Ad campaign aims to raise awareness of the impact of the pandemic on NHS staff

The new ad, directed by George Hackforth-Jones for the charity Duty To Care, which provides mental health and wellbeing support to NHS workers, intends to remind people that ‘even superheroes need saving’

While the pandemic has affected everyone in society in a myriad of ways, it is clear that some sectors of the workforce have been more directly impacted than others, with NHS workers at the top of the list.

We may have clapped for the carers and dubbed them superheroes, but, as this ad highlights, after over a year dealing directly with the ill and dying in the pandemic, they may be in dire need of more support themselves.

The charity Duty To Care was set up last March by a doctor’s wife and aims to provide immediate, free support to NHS workers struggling due to high pressure at work via online sessions with psychotherapists, CBT therapists, yoga, mindfulness, meditation, nutrition experts and personal trainers.

To help raise awareness of the charity for those seeking support, as well as encourage donations, George Hackforth-Jones (who is a creative at ad agency AMV BBDO as well as a director) has created this film, which he hopes will highlight what NHS staff have experienced in the pandemic.

The film was created independently by a small team of volunteers, and Hackforth-Jones worked with NHS staff and a DTC therapist to craft an authentic representation of a nurse’s experience over the last year.
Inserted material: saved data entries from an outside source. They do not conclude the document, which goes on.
lemma Diff_gen_in_downsets:
  "I \<in> downsets le Y \<Longrightarrow> I - gen le Y A \<in> downsets le (Y - gen le Y A)"
  unfolding downsets_def by blast

lemma downset_Int_maxel_subset: "I \<in> downsets le Y \<Longrightarrow> I \<inter> maxel le Y \<subseteq> maxel le I"
  unfolding downsets_def maxel_def by blast

lemma phi_empty:
  "phi le tau eta {} I = (\<Prod>i\<in>I - maxel le I. tau i) * (\<Prod>i\<in>maxel le I. eta i)"
  by (simp add: phi_def)

definition marked_weight :: "('a \<Rightarrow> 'a \<Rightarrow> bool) \<Rightarrow> ('a \<Rightarrow> 'b::comm_ring_1) \<Rightarrow> ('a \<Rightarrow> 'b)
    \<Rightarrow> 'a set \<Rightarrow> 'a set \<Rightarrow> 'b" where
  "marked_weight le tau eta A I =
     (\<Prod>i\<in>I - maxel le I. tau i) * ((\<Prod>i\<in>A. tau i) * (\<Prod>i\<in>maxel le I - A. eta i))"

lemma phi_eq_sum_Pow_marked_weight:
  fixes tau eta :: "'a \<Rightarrow> 'b::comm_ring_1"
  assumes "finite I" "I \<inter> D \<subseteq> maxel le I" "\<forall>i\<in>D. eta i = tau i - 1"
  shows "phi le tau eta D I = (\<Sum>A\<in>Pow (I \<inter> D). (- 1) ^ card A * marked_weight le tau eta A I)"
proof -
  have "(\<Sum>A\<in>Pow (I \<inter> D). (- 1) ^ card A * marked_weight le tau eta A I)
      = (\<Prod>i\<in>I - maxel le I. tau i)
        * (\<Sum>A\<in>Pow (I \<inter> D). (- 1) ^ card A * ((\<Prod>i\<in>A. tau i) * (\<Prod>i\<in>maxel le I - A. eta i)))"
    by (simp only: marked_weight_def sum_distrib_left mult.left_commute)
  also have "\<dots> = (\<Prod>i\<in>I - maxel le I. tau i)
      * ((- 1) ^ card (I \<inter> D) * (\<Prod>i\<in>maxel le I - I \<inter> D. eta i))"
    using assms
    by (subst sum_Pow_neg_one_power_prod_times_prod) (auto intro: finite_subset[OF maxel_subset])
  also have "\<dots> = phi le tau eta D I"
  proof -
    have "maxel le I - I \<inter> D = maxel le I - D" using maxel_subset[of le I] by blast
    with assms(2) show ?thesis by (simp add: phi_def Int_commute ac_simps)
  qed
  finally show ?thesis ..
qed

locale finite_preorder_on =
  fixes le :: "'a \<Rightarrow> 'a \<Rightarrow> bool" and Y :: "'a set"
  assumes finite_Y: "finite Y" and reflp_on_Y: "reflp_on Y le" and transp_on_Y: "transp_on Y le"
begin

lemma subset_gen: "A \<subseteq> Y \<Longrightarrow> A \<subseteq> gen le Y A"
  using reflp_on_Y unfolding gen_def reflp_on_def by blast

lemma Un_gen_in_downsets:
  assumes "A \<subseteq> Y" "J \<in> downsets le (Y - gen le Y A)"
  shows "J \<union> gen le Y A \<in> downsets le Y"
  using assms transp_on_Y unfolding downsets_def gen_def transp_on_def by blast

lemma maxel_Un_gen_subset:
  assumes A: "A \<subseteq> maxel le Y"
  shows "maxel le (J \<union> gen le Y A) \<subseteq> A \<union> maxel le J"
proof
  fix x
  assume x: "x \<in> maxel le (J \<union> gen le Y A)"
  show "x \<in> A \<union> maxel le J"
  proof (cases "x \<in> gen le Y A")
    case True
    then obtain a where a: "a \<in> A" "le x a" unfolding gen_def by blast
    have "A \<subseteq> gen le Y A" using A maxel_subset[of le Y] subset_gen by (meson subset_trans)
    with x a have "a = x" unfolding maxel_def by blast
    with a show ?thesis by blast
  next
    case False
    with x have "x \<in> J" unfolding maxel_def by blast
    with x show ?thesis unfolding maxel_def by blast
  qed
qed

lemma subset_maxel_Un_gen:
  assumes A: "A \<subseteq> maxel le Y" and J: "J \<subseteq> Y - gen le Y A"
  shows "A \<union> maxel le J \<subseteq> maxel le (J \<union> gen le Y A)"
proof
  have AY: "A \<subseteq> Y" using A maxel_subset[of le Y] by (rule subset_trans)
  fix x
  assume "x \<in> A \<union> maxel le J"
  then show "x \<in> maxel le (J \<union> gen le Y A)"
  proof
    assume xA: "x \<in> A"
    have "z = x" if "z \<in> J \<union> gen le Y A" "le x z" for z
    proof -
      have "z \<in> Y" using that(1) J gen_subset[of le Y A] by blast
      moreover have "x \<in> maxel le Y" using xA A by blast
      ultimately show ?thesis using that(2) unfolding maxel_def by blast
    qed
    with xA subset_gen[OF AY] show ?thesis unfolding maxel_def by blast
  next
    assume x: "x \<in> maxel le J"
    have "z = x" if z: "z \<in> J \<union> gen le Y A" "le x z" for z
    proof (cases "z \<in> gen le Y A")
      case True
      then obtain a where a: "a \<in> A" "le z a" "z \<in> Y" unfolding gen_def by blast
      have "x \<in> Y" "x \<notin> gen le Y A" using x J unfolding maxel_def by blast+
      moreover have "le x a" using a z(2) AY \<open>x \<in> Y\<close> transp_on_Y unfolding transp_on_def by blast
      ultimately show ?thesis using a unfolding gen_def by blast
    next
      case False
      with x z show ?thesis unfolding maxel_def by blast
    qed
    with x show ?thesis unfolding maxel_def by blast
  qed
qed

lemma maxel_Un_gen:
  "A \<subseteq> maxel le Y \<Longrightarrow> J \<subseteq> Y - gen le Y A \<Longrightarrow> maxel le (J \<union> gen le Y A) = A \<union> maxel le J"
  using maxel_Un_gen_subset subset_maxel_Un_gen by (rule equalityI)

lemma bij_betw_Un_gen:
  assumes "A \<subseteq> Y"
  shows "bij_betw (\<lambda>J. J \<union> gen le Y A) (downsets le (Y - gen le Y A)) {I \<in> downsets le Y. A \<subseteq> I}"
proof (rule bij_betw_byWitness[where f' = "\<lambda>I. I - gen le Y A"])
  show "\<forall>J\<in>downsets le (Y - gen le Y A). J \<union> gen le Y A - gen le Y A = J"
    unfolding downsets_def by blast
  show "\<forall>I\<in>{I \<in> downsets le Y. A \<subseteq> I}. I - gen le Y A \<union> gen le Y A = I"
    using gen_subset_downset[of _ le Y A] by blast
  show "(\<lambda>J. J \<union> gen le Y A) ` downsets le (Y - gen le Y A) \<subseteq> {I \<in> downsets le Y. A \<subseteq> I}"
    using Un_gen_in_downsets[OF assms] subset_gen[OF assms] by blast
  show "(\<lambda>I. I - gen le Y A) ` {I \<in> downsets le Y. A \<subseteq> I} \<subseteq> downsets le (Y - gen le Y A)"
    using Diff_gen_in_downsets[of _ le Y A] by blast
qed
While the film features actor Lucy Scott-Smith as the nurse, it is based on real NHS workers’ experiences and the voiceover is made up entirely of anonymous verbatims taken from actual therapy sessions.

“One of the things we wanted to address in the film was the idea surrounding NHS workers being superheroes,” says Hackforth-Jones. “This is language that’s been around from the early days of the pandemic and while it comes from a good place, it can put unrealistic expectations on these people. To a certain extent it can also make the public think these carers are immune to the real emotional effects this work has. We wanted to show that while the job they do is superhuman, they are at the end of the day just ordinary people, having to cope with extraordinary circumstances.”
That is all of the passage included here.